**WHAT TO WORK ON:**
Return every line from the records below with the string "canonical".

(MATERIAL SHOWN Opens)

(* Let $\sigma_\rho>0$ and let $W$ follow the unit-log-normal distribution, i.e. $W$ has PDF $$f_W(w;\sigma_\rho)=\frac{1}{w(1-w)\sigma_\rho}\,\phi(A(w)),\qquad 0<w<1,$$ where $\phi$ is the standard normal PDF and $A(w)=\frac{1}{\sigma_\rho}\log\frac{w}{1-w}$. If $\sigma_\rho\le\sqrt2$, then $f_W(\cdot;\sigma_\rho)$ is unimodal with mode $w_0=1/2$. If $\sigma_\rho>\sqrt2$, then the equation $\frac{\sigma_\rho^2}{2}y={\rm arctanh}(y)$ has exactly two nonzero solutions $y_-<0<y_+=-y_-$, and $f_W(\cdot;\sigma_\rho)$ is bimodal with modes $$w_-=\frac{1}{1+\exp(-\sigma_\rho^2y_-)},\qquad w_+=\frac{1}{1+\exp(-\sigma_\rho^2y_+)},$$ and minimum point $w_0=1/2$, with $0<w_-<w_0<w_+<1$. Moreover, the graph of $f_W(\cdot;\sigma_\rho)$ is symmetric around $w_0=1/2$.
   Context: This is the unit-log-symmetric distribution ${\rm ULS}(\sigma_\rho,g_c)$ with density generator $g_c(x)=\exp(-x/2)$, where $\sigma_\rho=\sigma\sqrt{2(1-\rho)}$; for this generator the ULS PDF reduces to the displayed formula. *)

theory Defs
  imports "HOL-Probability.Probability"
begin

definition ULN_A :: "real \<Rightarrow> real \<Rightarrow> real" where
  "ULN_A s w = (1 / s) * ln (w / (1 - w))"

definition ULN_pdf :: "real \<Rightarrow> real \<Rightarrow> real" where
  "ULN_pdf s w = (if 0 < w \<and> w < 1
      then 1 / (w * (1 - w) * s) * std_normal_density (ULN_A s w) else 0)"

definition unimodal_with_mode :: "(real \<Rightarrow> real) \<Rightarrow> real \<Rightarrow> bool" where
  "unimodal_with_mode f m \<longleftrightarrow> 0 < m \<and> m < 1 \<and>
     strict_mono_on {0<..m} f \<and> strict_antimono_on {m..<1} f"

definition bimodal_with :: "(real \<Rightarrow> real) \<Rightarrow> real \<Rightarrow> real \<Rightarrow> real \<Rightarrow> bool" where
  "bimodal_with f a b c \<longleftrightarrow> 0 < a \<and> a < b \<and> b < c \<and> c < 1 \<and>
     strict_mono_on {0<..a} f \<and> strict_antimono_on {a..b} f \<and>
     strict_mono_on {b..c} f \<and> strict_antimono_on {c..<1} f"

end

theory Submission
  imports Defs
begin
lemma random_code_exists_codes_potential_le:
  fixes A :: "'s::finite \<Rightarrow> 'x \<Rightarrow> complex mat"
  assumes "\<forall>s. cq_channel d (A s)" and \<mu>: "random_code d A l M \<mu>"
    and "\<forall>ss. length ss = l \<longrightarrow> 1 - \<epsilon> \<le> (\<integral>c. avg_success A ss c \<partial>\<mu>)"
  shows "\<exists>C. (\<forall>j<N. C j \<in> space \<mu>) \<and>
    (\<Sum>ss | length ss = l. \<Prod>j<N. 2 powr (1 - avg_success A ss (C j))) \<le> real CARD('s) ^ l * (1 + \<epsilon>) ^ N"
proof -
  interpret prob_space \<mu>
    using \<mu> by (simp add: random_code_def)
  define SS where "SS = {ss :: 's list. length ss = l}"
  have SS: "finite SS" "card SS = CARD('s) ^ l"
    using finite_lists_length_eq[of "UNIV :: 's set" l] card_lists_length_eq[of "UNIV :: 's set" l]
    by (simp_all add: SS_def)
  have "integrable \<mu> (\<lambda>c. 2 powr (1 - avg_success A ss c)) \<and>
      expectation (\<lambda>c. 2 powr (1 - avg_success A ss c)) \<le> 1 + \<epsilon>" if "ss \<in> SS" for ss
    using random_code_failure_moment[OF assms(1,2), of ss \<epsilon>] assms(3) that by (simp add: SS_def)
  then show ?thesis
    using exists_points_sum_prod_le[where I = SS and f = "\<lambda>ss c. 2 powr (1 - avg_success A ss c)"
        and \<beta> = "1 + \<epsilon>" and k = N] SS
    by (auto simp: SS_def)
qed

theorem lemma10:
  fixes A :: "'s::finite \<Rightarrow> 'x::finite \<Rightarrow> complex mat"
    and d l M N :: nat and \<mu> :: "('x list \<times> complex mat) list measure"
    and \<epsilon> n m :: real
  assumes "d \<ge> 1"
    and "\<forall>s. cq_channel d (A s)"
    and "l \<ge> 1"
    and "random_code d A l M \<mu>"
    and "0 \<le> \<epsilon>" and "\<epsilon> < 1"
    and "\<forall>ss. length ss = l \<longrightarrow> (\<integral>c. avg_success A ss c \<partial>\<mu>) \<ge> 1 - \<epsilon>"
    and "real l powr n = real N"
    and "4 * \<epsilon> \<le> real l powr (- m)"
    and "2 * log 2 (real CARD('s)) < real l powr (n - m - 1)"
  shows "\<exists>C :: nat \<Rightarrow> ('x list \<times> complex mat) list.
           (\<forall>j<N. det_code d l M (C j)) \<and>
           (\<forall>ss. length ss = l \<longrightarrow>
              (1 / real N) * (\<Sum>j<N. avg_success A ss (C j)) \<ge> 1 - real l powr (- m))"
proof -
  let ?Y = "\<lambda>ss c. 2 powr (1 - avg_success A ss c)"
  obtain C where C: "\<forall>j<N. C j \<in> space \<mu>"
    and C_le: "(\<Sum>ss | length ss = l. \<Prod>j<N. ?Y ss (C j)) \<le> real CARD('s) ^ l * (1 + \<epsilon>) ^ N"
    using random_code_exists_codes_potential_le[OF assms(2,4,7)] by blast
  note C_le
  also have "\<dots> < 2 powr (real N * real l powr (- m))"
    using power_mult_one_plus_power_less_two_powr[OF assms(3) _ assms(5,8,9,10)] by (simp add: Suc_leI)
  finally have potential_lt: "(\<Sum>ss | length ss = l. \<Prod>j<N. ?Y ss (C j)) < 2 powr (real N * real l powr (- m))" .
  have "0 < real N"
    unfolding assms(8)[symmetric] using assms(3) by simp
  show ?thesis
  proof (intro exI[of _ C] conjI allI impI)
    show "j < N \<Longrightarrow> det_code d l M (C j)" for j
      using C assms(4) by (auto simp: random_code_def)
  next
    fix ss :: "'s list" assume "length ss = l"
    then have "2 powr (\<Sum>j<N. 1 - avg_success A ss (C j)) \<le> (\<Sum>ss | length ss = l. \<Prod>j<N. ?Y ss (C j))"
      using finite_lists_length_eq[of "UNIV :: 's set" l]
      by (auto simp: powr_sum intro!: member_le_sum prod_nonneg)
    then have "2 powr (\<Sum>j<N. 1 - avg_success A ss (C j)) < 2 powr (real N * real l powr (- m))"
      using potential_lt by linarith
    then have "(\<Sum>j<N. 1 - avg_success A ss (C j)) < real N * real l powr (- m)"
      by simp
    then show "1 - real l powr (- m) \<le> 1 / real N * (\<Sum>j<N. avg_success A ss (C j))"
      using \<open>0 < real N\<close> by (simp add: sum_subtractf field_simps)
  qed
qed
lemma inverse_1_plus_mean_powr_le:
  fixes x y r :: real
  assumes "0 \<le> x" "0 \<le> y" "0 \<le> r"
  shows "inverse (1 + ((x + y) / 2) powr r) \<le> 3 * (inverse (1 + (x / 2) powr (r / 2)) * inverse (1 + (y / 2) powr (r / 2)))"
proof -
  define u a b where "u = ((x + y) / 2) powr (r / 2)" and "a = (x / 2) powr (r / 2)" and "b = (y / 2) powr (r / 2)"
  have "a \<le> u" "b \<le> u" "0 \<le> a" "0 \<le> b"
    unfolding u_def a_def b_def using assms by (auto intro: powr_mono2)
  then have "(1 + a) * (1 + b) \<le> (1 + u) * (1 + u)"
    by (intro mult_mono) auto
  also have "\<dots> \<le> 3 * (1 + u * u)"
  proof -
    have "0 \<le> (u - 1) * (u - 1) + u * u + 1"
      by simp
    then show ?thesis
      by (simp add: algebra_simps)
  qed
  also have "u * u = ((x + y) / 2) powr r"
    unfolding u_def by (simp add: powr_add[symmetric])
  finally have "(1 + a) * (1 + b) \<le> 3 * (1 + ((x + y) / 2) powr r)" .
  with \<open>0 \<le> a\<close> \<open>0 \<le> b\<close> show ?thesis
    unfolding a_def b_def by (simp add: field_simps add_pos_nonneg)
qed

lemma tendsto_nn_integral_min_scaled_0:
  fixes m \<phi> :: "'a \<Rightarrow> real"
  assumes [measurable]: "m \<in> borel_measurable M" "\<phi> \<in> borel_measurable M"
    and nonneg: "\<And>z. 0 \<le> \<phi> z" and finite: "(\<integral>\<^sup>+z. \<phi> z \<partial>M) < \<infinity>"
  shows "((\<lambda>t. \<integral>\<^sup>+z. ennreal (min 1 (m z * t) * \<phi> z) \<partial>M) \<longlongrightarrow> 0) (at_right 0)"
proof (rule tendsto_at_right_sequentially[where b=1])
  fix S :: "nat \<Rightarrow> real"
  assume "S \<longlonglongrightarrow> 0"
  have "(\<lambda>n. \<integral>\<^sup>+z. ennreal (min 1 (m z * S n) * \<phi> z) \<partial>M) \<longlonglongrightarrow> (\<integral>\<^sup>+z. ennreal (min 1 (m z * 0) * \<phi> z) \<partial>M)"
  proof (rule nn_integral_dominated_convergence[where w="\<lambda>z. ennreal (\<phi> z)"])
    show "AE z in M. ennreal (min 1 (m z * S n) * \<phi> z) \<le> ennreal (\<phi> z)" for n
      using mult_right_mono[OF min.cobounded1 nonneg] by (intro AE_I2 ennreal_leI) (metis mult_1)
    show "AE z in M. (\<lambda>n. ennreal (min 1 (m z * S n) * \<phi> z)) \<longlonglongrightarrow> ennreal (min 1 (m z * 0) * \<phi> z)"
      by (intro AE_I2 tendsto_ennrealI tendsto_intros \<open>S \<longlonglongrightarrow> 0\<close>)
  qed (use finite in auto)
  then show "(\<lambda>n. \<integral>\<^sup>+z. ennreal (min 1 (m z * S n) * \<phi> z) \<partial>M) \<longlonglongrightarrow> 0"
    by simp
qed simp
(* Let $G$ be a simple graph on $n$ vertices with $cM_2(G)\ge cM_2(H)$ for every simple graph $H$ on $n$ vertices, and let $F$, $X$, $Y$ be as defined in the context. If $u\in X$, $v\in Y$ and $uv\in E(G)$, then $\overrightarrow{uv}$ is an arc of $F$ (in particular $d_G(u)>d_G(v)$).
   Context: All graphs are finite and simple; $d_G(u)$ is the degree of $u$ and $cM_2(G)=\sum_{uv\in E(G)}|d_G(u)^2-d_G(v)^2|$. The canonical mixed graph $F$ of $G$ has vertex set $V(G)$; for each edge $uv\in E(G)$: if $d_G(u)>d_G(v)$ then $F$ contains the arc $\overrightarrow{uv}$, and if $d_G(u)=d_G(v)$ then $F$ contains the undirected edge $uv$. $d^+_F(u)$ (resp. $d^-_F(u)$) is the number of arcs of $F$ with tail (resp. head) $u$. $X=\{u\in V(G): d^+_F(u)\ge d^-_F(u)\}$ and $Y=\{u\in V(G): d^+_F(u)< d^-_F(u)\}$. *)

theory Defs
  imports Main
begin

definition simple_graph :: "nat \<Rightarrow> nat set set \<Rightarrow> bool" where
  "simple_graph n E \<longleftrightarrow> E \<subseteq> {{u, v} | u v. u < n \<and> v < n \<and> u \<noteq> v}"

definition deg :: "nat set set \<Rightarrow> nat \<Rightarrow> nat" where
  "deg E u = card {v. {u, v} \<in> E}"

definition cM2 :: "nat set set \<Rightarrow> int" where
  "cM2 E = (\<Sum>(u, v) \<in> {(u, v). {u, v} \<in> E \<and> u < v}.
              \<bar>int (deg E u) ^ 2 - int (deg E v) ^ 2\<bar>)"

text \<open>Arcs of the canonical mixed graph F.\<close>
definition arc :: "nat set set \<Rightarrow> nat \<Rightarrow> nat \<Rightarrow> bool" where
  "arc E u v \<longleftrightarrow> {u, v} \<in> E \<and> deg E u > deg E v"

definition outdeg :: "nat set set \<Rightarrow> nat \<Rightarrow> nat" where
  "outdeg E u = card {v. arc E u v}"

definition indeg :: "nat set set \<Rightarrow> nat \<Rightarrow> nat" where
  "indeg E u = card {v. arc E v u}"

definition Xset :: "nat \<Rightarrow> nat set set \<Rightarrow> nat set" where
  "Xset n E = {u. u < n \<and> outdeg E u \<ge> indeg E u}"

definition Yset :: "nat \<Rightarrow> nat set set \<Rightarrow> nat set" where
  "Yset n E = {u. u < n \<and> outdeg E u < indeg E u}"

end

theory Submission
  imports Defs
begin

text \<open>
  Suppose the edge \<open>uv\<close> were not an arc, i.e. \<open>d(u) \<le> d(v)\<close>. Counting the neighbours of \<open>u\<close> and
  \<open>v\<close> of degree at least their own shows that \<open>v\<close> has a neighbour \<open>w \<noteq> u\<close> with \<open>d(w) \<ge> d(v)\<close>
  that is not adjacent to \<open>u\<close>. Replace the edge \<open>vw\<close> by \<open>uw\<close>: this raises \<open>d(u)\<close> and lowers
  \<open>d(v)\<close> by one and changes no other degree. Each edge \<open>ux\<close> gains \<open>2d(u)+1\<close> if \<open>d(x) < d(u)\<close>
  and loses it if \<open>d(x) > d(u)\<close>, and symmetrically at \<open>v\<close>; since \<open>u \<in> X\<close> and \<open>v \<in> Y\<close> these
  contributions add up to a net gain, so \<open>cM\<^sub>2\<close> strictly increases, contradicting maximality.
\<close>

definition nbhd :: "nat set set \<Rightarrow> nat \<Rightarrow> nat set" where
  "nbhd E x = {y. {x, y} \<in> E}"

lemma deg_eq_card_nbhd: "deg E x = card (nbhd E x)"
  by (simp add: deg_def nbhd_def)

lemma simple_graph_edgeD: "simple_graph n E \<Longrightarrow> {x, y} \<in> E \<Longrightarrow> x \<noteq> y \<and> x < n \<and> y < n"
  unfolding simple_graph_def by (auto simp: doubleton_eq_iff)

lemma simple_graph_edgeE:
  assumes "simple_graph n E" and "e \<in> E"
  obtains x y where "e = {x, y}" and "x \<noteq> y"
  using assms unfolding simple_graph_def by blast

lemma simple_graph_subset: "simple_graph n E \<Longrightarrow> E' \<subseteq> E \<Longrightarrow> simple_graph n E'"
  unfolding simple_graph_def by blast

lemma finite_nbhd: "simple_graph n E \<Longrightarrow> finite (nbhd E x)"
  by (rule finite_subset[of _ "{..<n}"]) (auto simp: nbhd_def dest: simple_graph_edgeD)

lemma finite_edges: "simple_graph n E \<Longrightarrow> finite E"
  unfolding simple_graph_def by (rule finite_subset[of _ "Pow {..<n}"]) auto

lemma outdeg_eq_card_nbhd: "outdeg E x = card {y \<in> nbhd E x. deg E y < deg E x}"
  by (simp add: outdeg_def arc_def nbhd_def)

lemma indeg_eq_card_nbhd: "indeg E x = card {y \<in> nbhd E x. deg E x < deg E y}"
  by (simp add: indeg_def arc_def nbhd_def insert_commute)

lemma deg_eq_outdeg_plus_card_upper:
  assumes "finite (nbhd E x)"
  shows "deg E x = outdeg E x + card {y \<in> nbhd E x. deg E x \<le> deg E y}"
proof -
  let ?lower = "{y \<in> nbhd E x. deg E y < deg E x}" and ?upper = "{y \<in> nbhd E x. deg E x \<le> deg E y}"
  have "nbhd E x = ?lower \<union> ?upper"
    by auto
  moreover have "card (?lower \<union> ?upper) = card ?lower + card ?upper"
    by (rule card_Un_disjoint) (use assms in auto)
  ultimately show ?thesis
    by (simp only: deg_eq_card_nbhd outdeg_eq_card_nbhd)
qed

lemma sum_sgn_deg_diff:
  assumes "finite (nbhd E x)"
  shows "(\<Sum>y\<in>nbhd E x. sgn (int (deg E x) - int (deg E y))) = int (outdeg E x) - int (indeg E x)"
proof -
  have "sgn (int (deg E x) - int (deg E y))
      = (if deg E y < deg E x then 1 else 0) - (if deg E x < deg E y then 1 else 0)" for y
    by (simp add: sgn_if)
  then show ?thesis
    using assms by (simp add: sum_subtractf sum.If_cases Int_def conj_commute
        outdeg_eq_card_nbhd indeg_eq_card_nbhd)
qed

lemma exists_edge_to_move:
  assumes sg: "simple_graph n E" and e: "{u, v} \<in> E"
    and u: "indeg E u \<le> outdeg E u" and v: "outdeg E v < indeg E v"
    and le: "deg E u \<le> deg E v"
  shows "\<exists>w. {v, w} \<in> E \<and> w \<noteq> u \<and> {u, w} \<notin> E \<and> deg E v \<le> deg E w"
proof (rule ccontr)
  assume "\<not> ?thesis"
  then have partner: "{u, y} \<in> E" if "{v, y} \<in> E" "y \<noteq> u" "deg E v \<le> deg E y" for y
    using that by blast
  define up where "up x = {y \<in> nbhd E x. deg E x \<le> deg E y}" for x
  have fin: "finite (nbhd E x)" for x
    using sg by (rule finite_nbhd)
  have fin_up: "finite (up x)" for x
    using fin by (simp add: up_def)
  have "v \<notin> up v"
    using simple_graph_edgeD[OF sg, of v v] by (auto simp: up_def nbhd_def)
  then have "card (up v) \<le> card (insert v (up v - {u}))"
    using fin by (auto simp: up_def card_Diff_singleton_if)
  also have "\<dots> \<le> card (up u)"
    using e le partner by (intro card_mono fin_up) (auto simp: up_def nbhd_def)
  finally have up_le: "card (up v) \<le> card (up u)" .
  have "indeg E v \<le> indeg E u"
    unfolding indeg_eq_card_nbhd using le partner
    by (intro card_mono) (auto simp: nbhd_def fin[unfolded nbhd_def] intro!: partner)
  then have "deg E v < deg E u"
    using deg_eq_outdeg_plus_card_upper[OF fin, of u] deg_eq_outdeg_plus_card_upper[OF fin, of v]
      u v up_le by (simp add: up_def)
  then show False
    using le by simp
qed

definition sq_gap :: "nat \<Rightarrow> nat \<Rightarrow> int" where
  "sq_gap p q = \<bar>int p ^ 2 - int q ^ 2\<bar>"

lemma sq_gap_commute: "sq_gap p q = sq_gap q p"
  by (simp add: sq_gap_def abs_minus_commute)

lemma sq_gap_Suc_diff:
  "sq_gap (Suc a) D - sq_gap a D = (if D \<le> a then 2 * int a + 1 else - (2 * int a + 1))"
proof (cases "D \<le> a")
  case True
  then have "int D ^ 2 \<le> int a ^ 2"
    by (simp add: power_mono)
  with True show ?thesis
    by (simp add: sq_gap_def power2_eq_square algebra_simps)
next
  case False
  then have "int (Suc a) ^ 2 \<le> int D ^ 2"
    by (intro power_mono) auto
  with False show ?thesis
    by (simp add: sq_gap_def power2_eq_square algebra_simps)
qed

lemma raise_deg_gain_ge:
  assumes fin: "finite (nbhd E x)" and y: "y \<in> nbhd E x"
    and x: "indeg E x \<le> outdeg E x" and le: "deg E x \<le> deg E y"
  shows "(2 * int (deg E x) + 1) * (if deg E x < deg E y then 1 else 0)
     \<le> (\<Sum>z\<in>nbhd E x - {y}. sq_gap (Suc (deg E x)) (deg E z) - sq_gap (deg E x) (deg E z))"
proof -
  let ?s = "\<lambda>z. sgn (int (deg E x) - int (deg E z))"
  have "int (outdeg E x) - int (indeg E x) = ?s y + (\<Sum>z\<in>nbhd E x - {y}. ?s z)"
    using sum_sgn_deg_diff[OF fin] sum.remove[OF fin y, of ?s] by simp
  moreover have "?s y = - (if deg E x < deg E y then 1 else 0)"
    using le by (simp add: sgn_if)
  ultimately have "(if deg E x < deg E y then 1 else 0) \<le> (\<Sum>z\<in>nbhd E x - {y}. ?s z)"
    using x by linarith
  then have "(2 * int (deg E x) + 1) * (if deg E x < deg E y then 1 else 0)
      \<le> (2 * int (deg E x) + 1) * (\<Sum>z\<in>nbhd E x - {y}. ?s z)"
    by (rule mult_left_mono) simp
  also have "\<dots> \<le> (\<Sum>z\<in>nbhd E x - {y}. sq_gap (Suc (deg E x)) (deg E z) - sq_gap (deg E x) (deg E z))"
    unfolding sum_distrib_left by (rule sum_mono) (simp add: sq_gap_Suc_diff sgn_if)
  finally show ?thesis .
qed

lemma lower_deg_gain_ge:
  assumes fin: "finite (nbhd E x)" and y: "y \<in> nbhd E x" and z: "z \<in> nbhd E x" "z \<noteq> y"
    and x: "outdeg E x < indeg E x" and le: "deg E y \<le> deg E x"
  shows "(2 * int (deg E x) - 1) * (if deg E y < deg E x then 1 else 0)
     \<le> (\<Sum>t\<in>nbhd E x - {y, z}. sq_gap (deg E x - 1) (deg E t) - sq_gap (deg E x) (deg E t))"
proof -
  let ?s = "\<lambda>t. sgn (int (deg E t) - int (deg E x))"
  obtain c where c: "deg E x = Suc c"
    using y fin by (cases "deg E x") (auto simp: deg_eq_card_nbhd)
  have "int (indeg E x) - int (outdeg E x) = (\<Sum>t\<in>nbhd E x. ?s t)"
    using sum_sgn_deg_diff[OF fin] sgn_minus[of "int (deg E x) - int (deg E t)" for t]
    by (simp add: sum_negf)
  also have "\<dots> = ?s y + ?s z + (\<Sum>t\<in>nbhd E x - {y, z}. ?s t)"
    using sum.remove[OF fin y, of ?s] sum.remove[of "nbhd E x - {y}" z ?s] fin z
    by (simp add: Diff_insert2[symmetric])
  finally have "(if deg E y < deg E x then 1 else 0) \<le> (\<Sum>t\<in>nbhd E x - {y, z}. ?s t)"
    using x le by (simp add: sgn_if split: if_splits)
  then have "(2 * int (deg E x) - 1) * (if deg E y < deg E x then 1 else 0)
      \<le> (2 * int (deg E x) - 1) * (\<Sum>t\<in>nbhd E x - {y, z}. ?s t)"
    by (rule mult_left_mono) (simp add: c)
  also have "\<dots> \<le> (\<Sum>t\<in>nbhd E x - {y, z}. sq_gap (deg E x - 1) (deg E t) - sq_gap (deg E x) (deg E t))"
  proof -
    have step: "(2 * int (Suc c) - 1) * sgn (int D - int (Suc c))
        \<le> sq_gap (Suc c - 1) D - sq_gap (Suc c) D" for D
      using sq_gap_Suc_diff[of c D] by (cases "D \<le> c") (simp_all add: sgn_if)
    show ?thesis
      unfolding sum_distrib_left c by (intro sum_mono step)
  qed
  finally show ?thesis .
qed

(MATERIAL SHOWN Closes)

**REPLY:**
   Context: All graphs are finite and simple; $d_G(u)$ is the degree of $u$ and $cM_2(G)=\sum_{uv\in E(G)}|d_G(u)^2-d_G(v)^2|$. The canonical mixed graph $F$ of $G$ has vertex set $V(G)$; for each edge $uv\in E(G)$: if $d_G(u)>d_G(v)$ then $F$ contains the arc $\overrightarrow{uv}$, and if $d_G(u)=d_G(v)$ then $F$ contains the undirected edge $uv$. $d^+_F(u)$ (resp. $d^-_F(u)$) is the number of arcs of $F$ with tail (resp. head) $u$. $X=\{u\in V(G): d^+_F(u)\ge d^-_F(u)\}$ and $Y=\{u\in V(G): d^+_F(u)< d^-_F(u)\}$. *)
text \<open>Arcs of the canonical mixed graph F.\<close>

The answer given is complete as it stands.